▶ **Task objective**
Take the entries that follow and return exactly the lines from the one holding "z) = ((ycoord" through the one holding "z by (simp add: Dhat_def)", both included. Nothing else is needed.

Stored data
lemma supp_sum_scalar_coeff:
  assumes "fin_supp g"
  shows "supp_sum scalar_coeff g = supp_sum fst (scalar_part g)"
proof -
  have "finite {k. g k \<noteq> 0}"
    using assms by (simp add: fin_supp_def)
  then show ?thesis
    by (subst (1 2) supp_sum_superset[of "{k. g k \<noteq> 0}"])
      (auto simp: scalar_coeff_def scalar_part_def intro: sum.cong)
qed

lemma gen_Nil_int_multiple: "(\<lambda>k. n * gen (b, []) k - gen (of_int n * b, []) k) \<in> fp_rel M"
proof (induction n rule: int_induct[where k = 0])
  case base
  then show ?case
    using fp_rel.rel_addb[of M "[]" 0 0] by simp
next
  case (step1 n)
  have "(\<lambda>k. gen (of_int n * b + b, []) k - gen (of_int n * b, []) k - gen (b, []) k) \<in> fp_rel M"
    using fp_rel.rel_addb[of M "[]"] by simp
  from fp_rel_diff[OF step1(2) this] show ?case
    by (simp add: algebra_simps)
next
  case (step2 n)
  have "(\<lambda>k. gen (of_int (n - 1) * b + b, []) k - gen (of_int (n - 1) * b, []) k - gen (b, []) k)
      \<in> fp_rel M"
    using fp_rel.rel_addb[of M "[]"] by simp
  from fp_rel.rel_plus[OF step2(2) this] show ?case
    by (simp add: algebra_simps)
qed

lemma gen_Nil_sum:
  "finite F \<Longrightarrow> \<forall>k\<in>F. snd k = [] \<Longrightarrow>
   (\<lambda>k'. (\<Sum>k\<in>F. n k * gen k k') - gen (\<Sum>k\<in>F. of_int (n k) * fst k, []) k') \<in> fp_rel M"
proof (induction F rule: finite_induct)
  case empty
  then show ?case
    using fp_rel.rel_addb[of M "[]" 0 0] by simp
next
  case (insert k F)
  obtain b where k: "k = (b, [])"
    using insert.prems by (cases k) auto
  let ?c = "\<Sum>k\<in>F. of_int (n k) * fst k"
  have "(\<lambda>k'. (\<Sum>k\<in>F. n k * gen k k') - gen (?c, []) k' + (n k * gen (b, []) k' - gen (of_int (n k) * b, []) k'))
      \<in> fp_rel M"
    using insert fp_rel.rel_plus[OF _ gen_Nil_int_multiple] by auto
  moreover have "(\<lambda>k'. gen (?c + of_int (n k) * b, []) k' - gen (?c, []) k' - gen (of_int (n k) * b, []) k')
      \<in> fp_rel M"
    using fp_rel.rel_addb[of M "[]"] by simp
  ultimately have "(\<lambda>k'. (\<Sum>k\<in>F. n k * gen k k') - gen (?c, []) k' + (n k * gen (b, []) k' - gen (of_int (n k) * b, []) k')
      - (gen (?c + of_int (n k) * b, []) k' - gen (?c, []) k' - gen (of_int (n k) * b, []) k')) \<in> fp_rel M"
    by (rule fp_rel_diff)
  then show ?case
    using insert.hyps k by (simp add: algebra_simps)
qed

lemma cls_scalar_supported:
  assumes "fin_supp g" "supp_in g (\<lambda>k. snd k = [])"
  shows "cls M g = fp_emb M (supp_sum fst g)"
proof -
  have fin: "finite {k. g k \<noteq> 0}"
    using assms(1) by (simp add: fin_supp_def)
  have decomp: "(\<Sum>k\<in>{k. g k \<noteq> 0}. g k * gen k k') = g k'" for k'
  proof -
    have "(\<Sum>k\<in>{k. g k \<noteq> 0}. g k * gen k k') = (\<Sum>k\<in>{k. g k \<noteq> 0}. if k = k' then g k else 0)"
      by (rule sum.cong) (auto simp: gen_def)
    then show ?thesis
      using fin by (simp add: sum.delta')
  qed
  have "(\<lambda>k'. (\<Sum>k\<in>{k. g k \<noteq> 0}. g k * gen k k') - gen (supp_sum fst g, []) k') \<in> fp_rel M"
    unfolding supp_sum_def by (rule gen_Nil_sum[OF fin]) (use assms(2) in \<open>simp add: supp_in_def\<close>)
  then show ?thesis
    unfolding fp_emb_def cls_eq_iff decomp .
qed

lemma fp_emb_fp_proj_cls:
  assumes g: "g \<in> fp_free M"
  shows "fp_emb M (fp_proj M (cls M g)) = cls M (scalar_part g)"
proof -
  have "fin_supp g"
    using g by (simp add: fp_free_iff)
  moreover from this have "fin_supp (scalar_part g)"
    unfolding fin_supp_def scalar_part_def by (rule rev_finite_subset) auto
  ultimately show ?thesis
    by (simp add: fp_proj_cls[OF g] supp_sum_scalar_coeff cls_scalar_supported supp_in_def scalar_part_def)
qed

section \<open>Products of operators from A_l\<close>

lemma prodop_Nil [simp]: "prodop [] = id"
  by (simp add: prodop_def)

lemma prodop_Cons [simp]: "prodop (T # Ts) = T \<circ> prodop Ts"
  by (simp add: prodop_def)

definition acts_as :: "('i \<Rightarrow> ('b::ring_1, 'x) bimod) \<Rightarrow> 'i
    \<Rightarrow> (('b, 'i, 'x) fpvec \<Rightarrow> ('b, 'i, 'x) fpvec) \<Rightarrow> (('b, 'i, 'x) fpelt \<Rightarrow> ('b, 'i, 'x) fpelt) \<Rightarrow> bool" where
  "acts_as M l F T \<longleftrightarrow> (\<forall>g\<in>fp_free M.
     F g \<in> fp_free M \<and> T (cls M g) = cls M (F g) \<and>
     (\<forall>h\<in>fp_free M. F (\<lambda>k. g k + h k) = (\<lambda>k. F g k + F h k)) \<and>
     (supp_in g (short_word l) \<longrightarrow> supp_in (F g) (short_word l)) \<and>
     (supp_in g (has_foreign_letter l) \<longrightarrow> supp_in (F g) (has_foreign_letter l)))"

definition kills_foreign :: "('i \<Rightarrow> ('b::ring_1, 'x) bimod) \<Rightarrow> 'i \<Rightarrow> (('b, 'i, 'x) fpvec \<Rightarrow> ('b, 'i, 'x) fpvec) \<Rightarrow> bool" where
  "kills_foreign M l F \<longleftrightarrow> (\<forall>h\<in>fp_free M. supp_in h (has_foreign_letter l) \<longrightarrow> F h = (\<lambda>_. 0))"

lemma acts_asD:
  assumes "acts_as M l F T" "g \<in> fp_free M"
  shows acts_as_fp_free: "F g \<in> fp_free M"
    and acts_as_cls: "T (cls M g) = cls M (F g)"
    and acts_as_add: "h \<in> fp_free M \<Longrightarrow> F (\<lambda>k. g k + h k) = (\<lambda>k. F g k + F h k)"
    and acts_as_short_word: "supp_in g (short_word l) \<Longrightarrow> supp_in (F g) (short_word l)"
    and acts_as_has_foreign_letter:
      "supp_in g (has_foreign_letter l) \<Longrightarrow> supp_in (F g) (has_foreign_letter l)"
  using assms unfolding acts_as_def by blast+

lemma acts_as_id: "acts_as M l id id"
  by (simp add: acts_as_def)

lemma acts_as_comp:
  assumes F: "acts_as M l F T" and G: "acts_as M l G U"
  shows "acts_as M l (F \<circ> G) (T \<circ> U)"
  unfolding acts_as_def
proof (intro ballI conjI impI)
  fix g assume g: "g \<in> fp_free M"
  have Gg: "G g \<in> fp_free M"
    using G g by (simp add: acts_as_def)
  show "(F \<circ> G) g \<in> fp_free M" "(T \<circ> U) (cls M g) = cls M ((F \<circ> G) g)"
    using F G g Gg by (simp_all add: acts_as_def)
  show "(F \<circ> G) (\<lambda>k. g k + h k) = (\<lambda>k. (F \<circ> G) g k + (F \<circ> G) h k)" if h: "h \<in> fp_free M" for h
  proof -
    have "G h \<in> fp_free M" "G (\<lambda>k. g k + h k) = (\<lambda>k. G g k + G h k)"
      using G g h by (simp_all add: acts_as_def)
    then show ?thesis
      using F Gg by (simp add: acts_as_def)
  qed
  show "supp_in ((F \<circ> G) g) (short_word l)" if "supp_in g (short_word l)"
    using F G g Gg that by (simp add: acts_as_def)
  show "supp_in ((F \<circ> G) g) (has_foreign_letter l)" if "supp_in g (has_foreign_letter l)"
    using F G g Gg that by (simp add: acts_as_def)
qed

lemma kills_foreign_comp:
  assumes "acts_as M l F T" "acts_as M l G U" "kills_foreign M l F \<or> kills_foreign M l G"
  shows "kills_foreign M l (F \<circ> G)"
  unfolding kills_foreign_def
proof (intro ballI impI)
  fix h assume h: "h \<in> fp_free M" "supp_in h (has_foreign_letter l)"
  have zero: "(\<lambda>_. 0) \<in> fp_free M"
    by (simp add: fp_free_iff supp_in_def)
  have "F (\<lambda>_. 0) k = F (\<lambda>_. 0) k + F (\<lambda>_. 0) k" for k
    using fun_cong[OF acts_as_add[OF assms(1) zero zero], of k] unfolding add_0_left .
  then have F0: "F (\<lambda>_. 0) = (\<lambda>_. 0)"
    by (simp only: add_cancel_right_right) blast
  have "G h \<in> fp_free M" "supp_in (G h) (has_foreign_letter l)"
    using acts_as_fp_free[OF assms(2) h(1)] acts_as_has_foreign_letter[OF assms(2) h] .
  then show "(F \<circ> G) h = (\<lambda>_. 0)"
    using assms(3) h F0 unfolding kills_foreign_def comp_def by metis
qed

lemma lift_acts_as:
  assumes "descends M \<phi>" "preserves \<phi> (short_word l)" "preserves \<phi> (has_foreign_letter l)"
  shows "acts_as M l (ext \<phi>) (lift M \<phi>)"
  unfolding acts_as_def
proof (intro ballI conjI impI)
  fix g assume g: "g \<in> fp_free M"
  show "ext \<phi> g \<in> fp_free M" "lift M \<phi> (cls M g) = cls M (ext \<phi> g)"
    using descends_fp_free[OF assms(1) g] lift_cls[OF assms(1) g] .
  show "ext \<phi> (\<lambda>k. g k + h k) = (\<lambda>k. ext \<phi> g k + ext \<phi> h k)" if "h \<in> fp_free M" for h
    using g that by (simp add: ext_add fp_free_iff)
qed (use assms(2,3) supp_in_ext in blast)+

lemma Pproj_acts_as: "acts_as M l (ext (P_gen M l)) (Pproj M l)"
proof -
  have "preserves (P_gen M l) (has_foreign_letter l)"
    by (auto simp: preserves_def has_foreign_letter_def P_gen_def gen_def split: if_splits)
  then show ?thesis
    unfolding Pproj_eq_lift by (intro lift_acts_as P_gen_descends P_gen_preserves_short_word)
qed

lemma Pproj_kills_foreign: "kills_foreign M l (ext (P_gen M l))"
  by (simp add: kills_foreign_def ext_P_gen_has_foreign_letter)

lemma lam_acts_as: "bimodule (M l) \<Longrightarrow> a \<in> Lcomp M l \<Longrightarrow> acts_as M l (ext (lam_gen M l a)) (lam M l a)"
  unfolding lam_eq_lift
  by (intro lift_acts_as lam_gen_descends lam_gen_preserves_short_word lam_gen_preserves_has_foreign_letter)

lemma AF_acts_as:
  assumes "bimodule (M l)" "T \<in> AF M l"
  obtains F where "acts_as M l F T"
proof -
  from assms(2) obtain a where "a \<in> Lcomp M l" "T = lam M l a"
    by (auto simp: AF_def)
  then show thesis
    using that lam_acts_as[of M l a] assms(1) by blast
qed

==

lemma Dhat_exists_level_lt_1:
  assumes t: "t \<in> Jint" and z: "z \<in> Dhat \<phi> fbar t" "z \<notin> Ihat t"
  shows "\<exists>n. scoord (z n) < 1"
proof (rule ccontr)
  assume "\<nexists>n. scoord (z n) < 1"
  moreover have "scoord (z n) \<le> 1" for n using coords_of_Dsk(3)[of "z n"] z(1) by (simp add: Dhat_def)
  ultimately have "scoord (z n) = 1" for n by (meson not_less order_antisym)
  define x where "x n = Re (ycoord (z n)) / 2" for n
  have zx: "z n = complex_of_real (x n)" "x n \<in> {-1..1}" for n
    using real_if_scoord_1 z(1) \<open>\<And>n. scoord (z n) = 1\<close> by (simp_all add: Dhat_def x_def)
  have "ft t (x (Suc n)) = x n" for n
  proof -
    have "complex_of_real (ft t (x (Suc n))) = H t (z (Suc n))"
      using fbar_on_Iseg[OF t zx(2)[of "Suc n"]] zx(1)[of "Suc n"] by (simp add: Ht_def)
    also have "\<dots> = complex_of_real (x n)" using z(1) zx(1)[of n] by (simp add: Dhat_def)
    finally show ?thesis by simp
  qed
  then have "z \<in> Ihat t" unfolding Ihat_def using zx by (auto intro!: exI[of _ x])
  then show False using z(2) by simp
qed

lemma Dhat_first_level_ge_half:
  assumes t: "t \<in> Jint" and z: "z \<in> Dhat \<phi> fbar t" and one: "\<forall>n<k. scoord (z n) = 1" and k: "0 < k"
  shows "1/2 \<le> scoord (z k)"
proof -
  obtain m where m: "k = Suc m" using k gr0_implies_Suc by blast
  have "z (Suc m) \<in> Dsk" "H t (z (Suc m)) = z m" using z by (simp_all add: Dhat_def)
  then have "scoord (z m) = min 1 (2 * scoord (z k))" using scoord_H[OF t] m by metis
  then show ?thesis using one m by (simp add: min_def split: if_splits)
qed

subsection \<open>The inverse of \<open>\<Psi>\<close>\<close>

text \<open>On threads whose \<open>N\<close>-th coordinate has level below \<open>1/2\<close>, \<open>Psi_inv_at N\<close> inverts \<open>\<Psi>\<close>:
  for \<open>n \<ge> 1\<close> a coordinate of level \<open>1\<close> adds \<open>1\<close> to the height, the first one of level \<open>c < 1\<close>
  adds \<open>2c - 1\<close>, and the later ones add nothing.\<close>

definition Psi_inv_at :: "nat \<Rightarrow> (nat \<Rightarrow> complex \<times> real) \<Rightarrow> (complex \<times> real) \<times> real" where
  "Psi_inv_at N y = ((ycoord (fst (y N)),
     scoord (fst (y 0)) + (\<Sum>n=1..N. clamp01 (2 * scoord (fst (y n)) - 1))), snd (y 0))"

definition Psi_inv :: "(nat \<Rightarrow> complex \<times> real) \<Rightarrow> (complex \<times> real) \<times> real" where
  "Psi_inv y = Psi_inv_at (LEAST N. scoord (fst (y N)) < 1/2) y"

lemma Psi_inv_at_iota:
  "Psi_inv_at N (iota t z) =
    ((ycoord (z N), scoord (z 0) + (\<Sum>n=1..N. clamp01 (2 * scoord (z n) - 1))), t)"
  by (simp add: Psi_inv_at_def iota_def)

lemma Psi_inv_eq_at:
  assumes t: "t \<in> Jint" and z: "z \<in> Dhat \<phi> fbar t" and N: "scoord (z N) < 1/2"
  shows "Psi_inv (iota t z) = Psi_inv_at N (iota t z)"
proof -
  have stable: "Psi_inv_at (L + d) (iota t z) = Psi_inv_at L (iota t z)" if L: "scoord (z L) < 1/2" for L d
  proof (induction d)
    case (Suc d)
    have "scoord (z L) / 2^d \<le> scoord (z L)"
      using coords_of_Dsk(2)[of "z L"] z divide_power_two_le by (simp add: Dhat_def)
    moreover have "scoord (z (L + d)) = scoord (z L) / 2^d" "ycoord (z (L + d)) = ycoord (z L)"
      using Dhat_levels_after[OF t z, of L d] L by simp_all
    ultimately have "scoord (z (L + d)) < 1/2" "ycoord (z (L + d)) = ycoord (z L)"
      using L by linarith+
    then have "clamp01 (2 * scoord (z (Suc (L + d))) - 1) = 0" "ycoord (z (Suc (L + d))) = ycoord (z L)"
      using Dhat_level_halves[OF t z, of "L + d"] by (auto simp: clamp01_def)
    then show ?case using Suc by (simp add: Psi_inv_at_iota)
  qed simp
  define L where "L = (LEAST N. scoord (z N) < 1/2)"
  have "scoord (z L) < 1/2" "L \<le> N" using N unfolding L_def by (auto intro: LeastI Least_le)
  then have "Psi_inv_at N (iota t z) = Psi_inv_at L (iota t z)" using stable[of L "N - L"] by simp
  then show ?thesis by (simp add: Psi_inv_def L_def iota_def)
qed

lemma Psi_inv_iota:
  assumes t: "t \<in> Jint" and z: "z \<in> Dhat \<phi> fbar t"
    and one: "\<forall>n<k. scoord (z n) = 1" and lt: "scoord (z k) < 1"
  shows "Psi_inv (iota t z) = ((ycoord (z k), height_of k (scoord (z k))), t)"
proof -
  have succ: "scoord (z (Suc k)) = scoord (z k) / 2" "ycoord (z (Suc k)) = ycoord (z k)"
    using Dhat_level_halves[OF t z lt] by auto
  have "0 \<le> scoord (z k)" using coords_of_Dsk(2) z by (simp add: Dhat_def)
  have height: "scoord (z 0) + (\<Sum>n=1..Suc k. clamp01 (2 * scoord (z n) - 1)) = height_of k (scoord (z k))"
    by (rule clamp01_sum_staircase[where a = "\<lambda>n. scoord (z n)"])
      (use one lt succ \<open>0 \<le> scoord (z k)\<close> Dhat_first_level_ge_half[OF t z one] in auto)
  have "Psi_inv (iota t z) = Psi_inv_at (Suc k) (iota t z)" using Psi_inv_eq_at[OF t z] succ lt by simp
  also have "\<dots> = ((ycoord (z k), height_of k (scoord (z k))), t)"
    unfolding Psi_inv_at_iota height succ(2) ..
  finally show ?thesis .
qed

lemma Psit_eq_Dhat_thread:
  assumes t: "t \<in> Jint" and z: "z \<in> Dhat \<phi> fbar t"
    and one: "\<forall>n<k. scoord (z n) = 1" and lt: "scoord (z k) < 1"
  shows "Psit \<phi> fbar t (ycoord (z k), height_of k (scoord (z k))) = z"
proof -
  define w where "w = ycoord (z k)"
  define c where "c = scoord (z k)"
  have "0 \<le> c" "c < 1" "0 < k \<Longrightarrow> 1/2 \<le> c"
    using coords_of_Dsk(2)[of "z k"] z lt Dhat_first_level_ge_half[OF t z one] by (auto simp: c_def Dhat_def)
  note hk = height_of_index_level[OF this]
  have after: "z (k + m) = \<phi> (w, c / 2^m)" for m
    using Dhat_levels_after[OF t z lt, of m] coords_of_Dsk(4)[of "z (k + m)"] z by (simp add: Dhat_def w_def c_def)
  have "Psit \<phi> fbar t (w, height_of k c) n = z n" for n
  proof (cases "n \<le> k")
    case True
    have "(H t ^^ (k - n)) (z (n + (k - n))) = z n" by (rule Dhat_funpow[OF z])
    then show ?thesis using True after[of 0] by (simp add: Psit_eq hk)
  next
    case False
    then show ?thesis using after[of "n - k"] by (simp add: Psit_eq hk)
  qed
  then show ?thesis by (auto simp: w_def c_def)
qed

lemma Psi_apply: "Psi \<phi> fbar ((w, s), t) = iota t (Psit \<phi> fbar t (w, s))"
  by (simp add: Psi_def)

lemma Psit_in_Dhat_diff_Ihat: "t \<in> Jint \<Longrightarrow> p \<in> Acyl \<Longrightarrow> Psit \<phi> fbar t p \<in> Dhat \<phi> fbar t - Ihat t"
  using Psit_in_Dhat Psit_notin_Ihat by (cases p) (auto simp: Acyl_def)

▶ **Expected answer**
  shows "Psi_inv (iota t z) = ((ycoord (z k), height_of k (scoord (z k))), t)"
proof -
  have succ: "scoord (z (Suc k)) = scoord (z k) / 2" "ycoord (z (Suc k)) = ycoord (z k)"
    using Dhat_level_halves[OF t z lt] by auto
  have "0 \<le> scoord (z k)" using coords_of_Dsk(2) z by (simp add: Dhat_def)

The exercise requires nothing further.